At a time when global geopolitical threats and instability are escalating, Peter Routledge, the head of the Office of the Superintendent of Financial Institutions (OSFI) sees room for added risk in Canada’s financial system.
Speaking at the Global Risk Institute (GRI) Summit on Wednesday in Toronto, Routledge, superintendent of financial institutions at OSFI said the financial system is resilient.
As evidence, he noted that Canada hasn’t seen a failure of a federally regulated deposit-taking institution since 1996, whereas the U.S. has seen more than 500. On the insurance side, there’ve been seven failures since 2000 in Canada (and not all were federally regulated) vs. 547 in the U.S.
“Given these statistics, I think it’s reasonable to conclude that OSFI could adjust its risk appetite with regards to new entrants,” he said, adding the regulator plans to revamp its approvals process to ease entry to the banking sector “and with that, mature our tolerance for risk.”

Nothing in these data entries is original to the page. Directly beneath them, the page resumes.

lemma coeff_dpsi: "coeff (dpsi psi p) m = coeff p (Suc m) * npsi psi (Suc m)"
proof -
  have "coeff (dpsi psi p) m = (\<Sum>n\<le>degree p. if n - 1 = m then coeff p n * npsi psi n else 0)"
    unfolding dpsi_def coeff_sum coeff_monom by (intro sum.cong) auto
  also have "\<dots> = (\<Sum>n\<in>{..degree p} \<inter> {Suc m}. coeff p n * npsi psi n)"
    by (rule sum.mono_neutral_cong_right) (auto simp: npsi_def)
  also have "\<dots> = coeff p (Suc m) * npsi psi (Suc m)"
    by (cases "Suc m \<le> degree p") (auto simp: coeff_eq_0)
  finally show ?thesis .
qed

lemma coeff_dpsi_funpow:
  "coeff ((dpsi psi ^^ k) p) m = coeff p (m + k) * (\<Prod>i<k. npsi psi (m + Suc i))"
proof (induction k arbitrary: m)
  case (Suc k)
  have "coeff ((dpsi psi ^^ Suc k) p) m = coeff ((dpsi psi ^^ k) p) (Suc m) * npsi psi (Suc m)"
    by (simp add: coeff_dpsi)
  then show ?case
    unfolding Suc prod.lessThan_Suc_shift by simp
qed simp

lemma dpsi_funpow_eq_0: "degree p < k \<Longrightarrow> (dpsi psi ^^ k) p = 0"
  by (rule poly_eqI) (simp add: coeff_dpsi_funpow coeff_eq_0)

lemma lin_op_dpsi: "lin_op (dpsi psi)"
  unfolding lin_op_def by (auto intro: poly_eqI simp: coeff_dpsi algebra_simps)

lemma Epsi_eq_sum:
  assumes "degree p \<le> N"
  shows "Epsi psi a p = (\<Sum>k\<le>N. smult (a ^ k / factpsi psi k) ((dpsi psi ^^ k) p))"
  unfolding Epsi_def
  by (rule sum.mono_neutral_left) (use assms in \<open>auto simp: dpsi_funpow_eq_0\<close>)

lemma lin_op_Epsi: "lin_op (Epsi psi a)"
  unfolding lin_op_def
proof (intro conjI allI)
  fix p r :: "'a poly"
  define N where "N = degree p + degree r"
  have "degree p \<le> N" "degree r \<le> N" "degree (p + r) \<le> N"
    using degree_add_le_max[of p r] by (simp_all add: N_def)
  then show "Epsi psi a (p + r) = Epsi psi a p + Epsi psi a r"
    by (simp add: Epsi_eq_sum lin_op_add[OF lin_op_funpow[OF lin_op_dpsi]] sum.distrib
        smult_add_right)
next
  fix c and p :: "'a poly"
  have "degree (smult c p) \<le> degree p" by (rule degree_smult_le)
  then show "Epsi psi a (smult c p) = smult c (Epsi psi a p)"
    by (intro poly_eqI) (simp add: Epsi_eq_sum[of _ "degree p"] coeff_sum sum_distrib_left
        lin_op_smult[OF lin_op_funpow[OF lin_op_dpsi]] mult_ac)
qed

lemma poly_Epsi_0:
  assumes "psi_seq psi"
  shows "poly (Epsi psi y p) 0 = poly p y"
proof -
  have "poly (Epsi psi y p) 0 = (\<Sum>k\<le>degree p. y ^ k / factpsi psi k * (coeff p k * factpsi psi k))"
    by (simp add: Epsi_def poly_0_coeff_0 coeff_sum coeff_dpsi_funpow
        factpsi_eq_prod_npsi[OF assms])
  also have "\<dots> = (\<Sum>k\<le>degree p. coeff p k * y ^ k)"
    by (intro sum.cong) (simp_all add: factpsi_nonzero[OF assms])
  finally show ?thesis by (simp add: poly_altdef)
qed

lemma in_span_degree_sequence:
  fixes q :: "nat \<Rightarrow> 'a::field poly"
  assumes deg: "\<And>n. degree (q n) = n" and nz: "\<And>n. q n \<noteq> 0" and "degree r \<le> n"
  shows "\<exists>d. r = (\<Sum>j\<le>n. smult (d j) (q j))"
  using \<open>degree r \<le> n\<close>
proof (induction n arbitrary: r)
  case 0
  have r: "r = [:coeff r 0:]" and q0: "q 0 = [:coeff (q 0) 0:]"
    using 0 deg[of 0] by (simp_all add: degree_0_id)
  then have "coeff (q 0) 0 \<noteq> 0"
    using nz[of 0] by auto
  then have "r = smult (coeff r 0 / coeff (q 0) 0) (q 0)"
    by (subst r, subst q0) simp
  then show ?case by (intro exI[of _ "\<lambda>_. coeff r 0 / coeff (q 0) 0"]) simp
next
  case (Suc n)
  define c where "c = coeff r (Suc n) / lead_coeff (q (Suc n))"
  define r' where "r' = r - smult c (q (Suc n))"
  have "coeff (q (Suc n)) (Suc n) \<noteq> 0"
    using deg[of "Suc n"] nz[of "Suc n"] by (metis leading_coeff_0_iff)
  then have "coeff r' (Suc n) = 0"
    using deg[of "Suc n"] by (simp add: r'_def c_def)
  moreover have "degree r' \<le> Suc n"
    using Suc.prems deg[of "Suc n"] by (simp add: r'_def degree_diff_le)
  ultimately have "degree r' \<le> n"
    by (metis le_SucE leading_coeff_0_iff nat.distinct(1) degree_0)
  then obtain d where d: "r' = (\<Sum>j\<le>n. smult (d j) (q j))"
    using Suc.IH by blast
  have "r = (\<Sum>j\<le>Suc n. smult ((d(Suc n := c)) j) (q j))"
    using d by (simp add: r'_def algebra_simps)
  then show ?case by blast
qed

The resilience of the financial system can also be leveraged to help the Canadian economy adapt to global economic, technological and other shifts, Routledge said.
“Relative to Canada’s $3 trillion economy, … Canada’s banks have ample capacity to help fund the country’s adjustment in this new era,” he said.
He noted the systemically important banks reported common equity Tier 1 ratios averaging 13.7%, or 220 basis points above the floor, in the most recent quarter.
“In layperson’s terms, banks could make nearly $1 trillion in additional loans or other extensions of credit and remain above current capital minimums,” he said.
Routledge also noted that Canadian life insurers have boosted their core capital ratios by around 13% over the past six years, and maintain capital buffers that “can be similarly leveraged for new investments in the Canadian economy.”
OSFI recently cut capital requirements on life insurers’ infrastructure investments to facilitate increased spending.
Last month, it also released a revised policy plan outlining steps it’s taking to ensure Canada’s financial system can “deliver stronger outcomes for economic growth” while also reducing regulatory burden, in line with Ottawa’s Red Tape review.
“Given the resilience in the system, given where we are in the economy, we can begin to think of that resilience as something to be leveraged to enable the economy to navigate through a period of uncertainty,” he said.
Still, that uncertainty is significant. Comparing 2025 to the end of the Cold War period, he said: “The current era is no less bracing than that time.”
Challenges include increasing geopolitical instability, cyber threats, climate change, domestic economic shifts and technological innovation.
“The risks and opportunities facing Canadian financial institutions are complex and consequential,” Routledge said. “Canada’s financial system is navigating through a period of profound uncertainty.”
Innovation imperative
In conversation with Sonia Baxendale, GRI president and CEO, Routledge acknowledged OSFI may have built overly high protections into the system since the financial crisis.
“Unintentionally, we’ve built up the protection … walls pretty high and maybe we can tolerate a bit more risk in the system by making it easier for new entrants to come in.”
If entry is easier, new firms would be less likely to try to develop models that operate outside the regulated system, he said.
Canada also faces competition given U.S. developments on stablecoin. The recently passed GENIUS Act, which Routledge noted had bipartisan support in the U.S., will enable significant progress on stablecoin and tokenized deposits.
“That innovation seems to me to be coming,” he said adding that OSFI’s job is to both prepare for it and not stand in its way.
“We ought not to be impediments to innovation in our system, because I do think a Canada that falls behind in financial sector innovation will be a Canada that has a bit more challenges both in the financial system and the broader economy,” he said.
Routledge also touched on OSFI’s expanded mandate. In addition to ensuring institutions it regulates are in sound financial condition, in 2023, the federal government added responsibility for ensuring institutions have protections in place against threats to integrity and security, including foreign interference. It has created a new unit of about 50 people.